Я понимаю — в блокаду. Тогда мы жили одни во всей квартире: я и тетя Муза. И в квартире рядом никто не жил. И никто не жил в квартире под нами. И целый день можно было тихо пролежать в кровати, забившись под одеяло, и не услышать ни одного звука ни со двора, ни с лестницы. А только сухие щелчки метронома по радио и сирены воздушной тревоги. Когда на всей нашей улице можно было увидеть порой только двух человек: одного — мертвого, а другого — полуживого, который тащит этого мертвого, — вот тогда да, тогда может возникнуть одиночество — и глубокое, и глухое… Я не знаю, возникало ли оно у тети Музы, у меня — нет. Наверное, потому, что я была слишком маленькая и слишком была измучена и голодна. Впрочем, я ничего этого не помню, и даже чувство голода для меня так непонятно, словно никогда я его не испытывала. У меня не осталось почти никаких воспоминаний, и блокада живет во мне не в сознании, — в нервах: они напряжены чуть-чуть туже, чем у моих подруг.

Хлопает дверь. Я оборачиваюсь: тетя Муза ушла из комнаты. Слышу, шаркают ее домашние туфли по коридору, и все стихает. И тут же звонок. Я вздрагиваю — до того неожиданно звучит он.

Все вдруг становится не просто, и прежде всего не просто оторваться от стены и шагнуть на звонок. Тетя Муза, я слышу, идет открывать дверь. Вот уже двое идут по коридору, коротко говорят о чем-то. Стук в мою дверь. Я отвечаю срывающимся голосом и вижу на пороге Юрия.

Все, что есть в мире загадочного и необъяснимого, заключено в человеческих отношениях. Человек способен познать природу, проникнуть в суть материи, открыть законы ее существования, а сам он разве не самая большая загадка?

Откуда зарождается внезапная близость двух людей? Еще не чувство, озаренное сознанием, а первый толчок крови, внезапное тяготение одного к другому, пробужденная интуиция, связующая их? Почему, по какому закону оно неизменно вызывает из человеческих глубин самое светлое и лучшее? И куда уходит оно, когда не определяется в чувство? И как образуется высокая чувствительность этих двух людей? Говорят, что биотоки. Но как? Каким образом? Почему, когда он еще только поднимался по лестнице, я уже начала волноваться, не распознав еще причину волнения? Где, в каком месте совпали направления наших мыслей?
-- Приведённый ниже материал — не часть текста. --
definition padd :: "params \<Rightarrow> params \<Rightarrow> params" where
  "padd \<Theta> \<Theta>' = (case \<Theta> of (A, b, C, d) \<Rightarrow> case \<Theta>' of (A', b', C', d') \<Rightarrow>
     (\<lambda>i j. A i j + A' i j, \<lambda>i. b i + b' i, \<lambda>i j. C i j + C' i j, \<lambda>i. d i + d' i))"

definition psub :: "params \<Rightarrow> params \<Rightarrow> params" where
  "psub \<Theta> \<Theta>' = (case \<Theta> of (A, b, C, d) \<Rightarrow> case \<Theta>' of (A', b', C', d') \<Rightarrow>
     (\<lambda>i j. A i j - A' i j, \<lambda>i. b i - b' i, \<lambda>i j. C i j - C' i j, \<lambda>i. d i - d' i))"

definition has_pgrad :: "nat \<Rightarrow> nat \<Rightarrow> nat \<Rightarrow> (params \<Rightarrow> real) \<Rightarrow> params \<Rightarrow> params \<Rightarrow> bool" where
  "has_pgrad n k l f \<Theta> G \<longleftrightarrow>
     (\<forall>\<epsilon>>0. \<exists>\<delta>>0. \<forall>\<Delta>. pnorm n k l \<Delta> < \<delta> \<longrightarrow>
        \<bar>f (padd \<Theta> \<Delta>) - f \<Theta> - pinner n k l G \<Delta>\<bar> \<le> \<epsilon> * pnorm n k l \<Delta>)"

definition poly3 :: "(nat \<Rightarrow> nat \<Rightarrow> nat \<Rightarrow> real) \<Rightarrow> nat \<Rightarrow> real \<Rightarrow> real \<Rightarrow> real \<Rightarrow> real" where
  "poly3 c N x y z = (\<Sum>i\<le>N. \<Sum>j\<le>N. \<Sum>m\<le>N. c i j m * x ^ i * y ^ j * z ^ m)"

end

(*
  The gradient of the objective is computed by the chain rule along lines Theta + tau Delta.  This
  candidate is Lipschitz on balls, so the mean value theorem shows that it is the (Frechet) gradient,
  which is unique.

  For the Lipschitz bound, every quantity of backpropagation (the pre-activations A x + b, the network
  output N, the residual R = M M^T - Sigma, the weights mu'(R) + mu'(R)^T, the gradients with respect to
  M and to the activations) is a matrix product of earlier ones.  Squared Frobenius distances therefore
  propagate through |P Q - P' Q'|^2 <= 2 |P - P'|^2 |Q|^2 + 2 |P'|^2 |Q - Q'|^2, using |sigma| <= 1,
  |sigma'| <= s1, |mu'| <= 1 and the Lipschitz constants s2 of sigma' and m2 of mu'.  On the ball of
  radius D every factor is bounded by a monomial in D, L_Z, n and l, and each monomial of the final
  bound is dominated by n^2 l times the maximum in the statement.
*)

theory Submission
  imports Defs
begin

section \<open>Inequalities for sums of squares\<close>

lemma square_add_le: "((a::real) + b)\<^sup>2 \<le> 2 * a\<^sup>2 + 2 * b\<^sup>2"
proof -
  have "0 \<le> (a - b)\<^sup>2" by simp
  then show ?thesis by (simp add: power2_eq_square algebra_simps)
qed

lemma square_add3_le: "((a::real) + b + c)\<^sup>2 \<le> 3 * a\<^sup>2 + 3 * b\<^sup>2 + 3 * c\<^sup>2"
proof -
  have "0 \<le> (a - b)\<^sup>2 + (b - c)\<^sup>2 + (a - c)\<^sup>2" by simp
  then show ?thesis by (simp add: power2_eq_square algebra_simps)
qed

lemma le_mult_of_one_le: "1 \<le> y \<Longrightarrow> 0 \<le> (x::real) \<Longrightarrow> x \<le> y * x"
  using mult_right_mono[of 1 y x] by simp

lemma square_diff_le_of_deriv_bound:
  assumes "\<And>x. (f has_real_derivative f' x) (at x)" and "\<And>x. \<bar>f' x\<bar> \<le> B"
  shows "(f x - f y)\<^sup>2 \<le> B\<^sup>2 * (x - y)\<^sup>2"
proof -
  have "\<bar>f x - f y\<bar> \<le> B * \<bar>x - y\<bar>"
    using field_differentiable_bound[OF convex_UNIV, of f f' B x y] assms
    by (simp add: has_field_derivative_at_within)
  from power_mono[OF this abs_ge_zero, of 2] show ?thesis
    by (simp add: power_mult_distrib)
qed

lemma sum_sq_matrix_mult_le:
  fixes P :: "'i \<Rightarrow> 'j \<Rightarrow> real" and Q :: "'j \<Rightarrow> 'q \<Rightarrow> real"
  shows "(\<Sum>i\<in>I. \<Sum>q\<in>K. (\<Sum>j\<in>J. P i j * Q j q)\<^sup>2)
    \<le> (\<Sum>i\<in>I. \<Sum>j\<in>J. (P i j)\<^sup>2) * (\<Sum>j\<in>J. \<Sum>q\<in>K. (Q j q)\<^sup>2)"
proof -
  have "(\<Sum>i\<in>I. \<Sum>q\<in>K. (\<Sum>j\<in>J. P i j * Q j q)\<^sup>2)
      \<le> (\<Sum>i\<in>I. \<Sum>q\<in>K. (\<Sum>j\<in>J. (P i j)\<^sup>2) * (\<Sum>j\<in>J. (Q j q)\<^sup>2))"
    by (intro sum_mono Cauchy_Schwarz_ineq_sum)
  also have "\<dots> = (\<Sum>i\<in>I. (\<Sum>j\<in>J. (P i j)\<^sup>2) * (\<Sum>q\<in>K. \<Sum>j\<in>J. (Q j q)\<^sup>2))"
    by (simp add: sum_distrib_left)
  also have "\<dots> = (\<Sum>i\<in>I. \<Sum>j\<in>J. (P i j)\<^sup>2) * (\<Sum>j\<in>J. \<Sum>q\<in>K. (Q j q)\<^sup>2)"
    by (simp only: sum.swap[of _ K J] sum_distrib_right)
  finally show ?thesis .
qed

lemma sum_sq_matrix_mult_diff_le:
  fixes P P' :: "'i \<Rightarrow> 'j \<Rightarrow> real" and Q Q' :: "'j \<Rightarrow> 'q \<Rightarrow> real"
  shows "(\<Sum>i\<in>I. \<Sum>q\<in>K. ((\<Sum>j\<in>J. P i j * Q j q) - (\<Sum>j\<in>J. P' i j * Q' j q))\<^sup>2)
    \<le> 2 * ((\<Sum>i\<in>I. \<Sum>j\<in>J. (P i j - P' i j)\<^sup>2) * (\<Sum>j\<in>J. \<Sum>q\<in>K. (Q j q)\<^sup>2))
      + 2 * ((\<Sum>i\<in>I. \<Sum>j\<in>J. (P' i j)\<^sup>2) * (\<Sum>j\<in>J. \<Sum>q\<in>K. (Q j q - Q' j q)\<^sup>2))"
proof -
  have "(\<Sum>j\<in>J. P i j * Q j q) - (\<Sum>j\<in>J. P' i j * Q' j q)
      = (\<Sum>j\<in>J. (P i j - P' i j) * Q j q) + (\<Sum>j\<in>J. P' i j * (Q j q - Q' j q))" for i q
    by (simp add: sum_subtractf[symmetric] sum.distrib[symmetric] algebra_simps)
  then have "(\<Sum>i\<in>I. \<Sum>q\<in>K. ((\<Sum>j\<in>J. P i j * Q j q) - (\<Sum>j\<in>J. P' i j * Q' j q))\<^sup>2)
      \<le> (\<Sum>i\<in>I. \<Sum>q\<in>K. 2 * (\<Sum>j\<in>J. (P i j - P' i j) * Q j q)\<^sup>2
                         + 2 * (\<Sum>j\<in>J. P' i j * (Q j q - Q' j q))\<^sup>2)"
    by (simp only:) (intro sum_mono square_add_le)
  also have "\<dots> = 2 * (\<Sum>i\<in>I. \<Sum>q\<in>K. (\<Sum>j\<in>J. (P i j - P' i j) * Q j q)\<^sup>2)
       + 2 * (\<Sum>i\<in>I. \<Sum>q\<in>K. (\<Sum>j\<in>J. P' i j * (Q j q - Q' j q))\<^sup>2)"
    by (simp add: sum.distrib sum_distrib_left)
  finally show ?thesis
    using sum_sq_matrix_mult_le[where P = "\<lambda>i j. P i j - P' i j" and Q = Q and I = I and J = J and K = K]
      sum_sq_matrix_mult_le[where P = P' and Q = "\<lambda>j q. Q j q - Q' j q" and I = I and J = J and K = K]
    by linarith
qed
Юра улыбается. Впервые я замечаю, что глаза у него расставлены широко, коричневые, с блеском. В них я вижу маленькую себя, свое смущенное и счастливое лицо.

— Здравствуйте, Юра, — говорю я, и он отвечает мне:

— Здравствуйте.

И мы снова стоим друг против друга, — может быть, долго, а может быть, нет, пока один из нас не спохватывается: «Что же мы стоим?»

Так смешно начинается наша третья встреча с Юрой.

18

Нет, мои занятия — это ерунда по сравнению с занятиями Юры. Ведь он строит жилье. Вернее, он ничего еще не строит. Он еще только защищает диплом, но какой! «Как быстрее, рациональнее и дешевле возводить дома методом подъема этажей». И не только жилища, но и детские сады, ясли, школы — в общем, все, что нужно людям. Я с уважением смотрю на чертежи, сваленные на столе у Юрия. Я ничего не понимаю в них, но не могу же я в этом признаться. Молча и внимательно выслушиваю объяснения.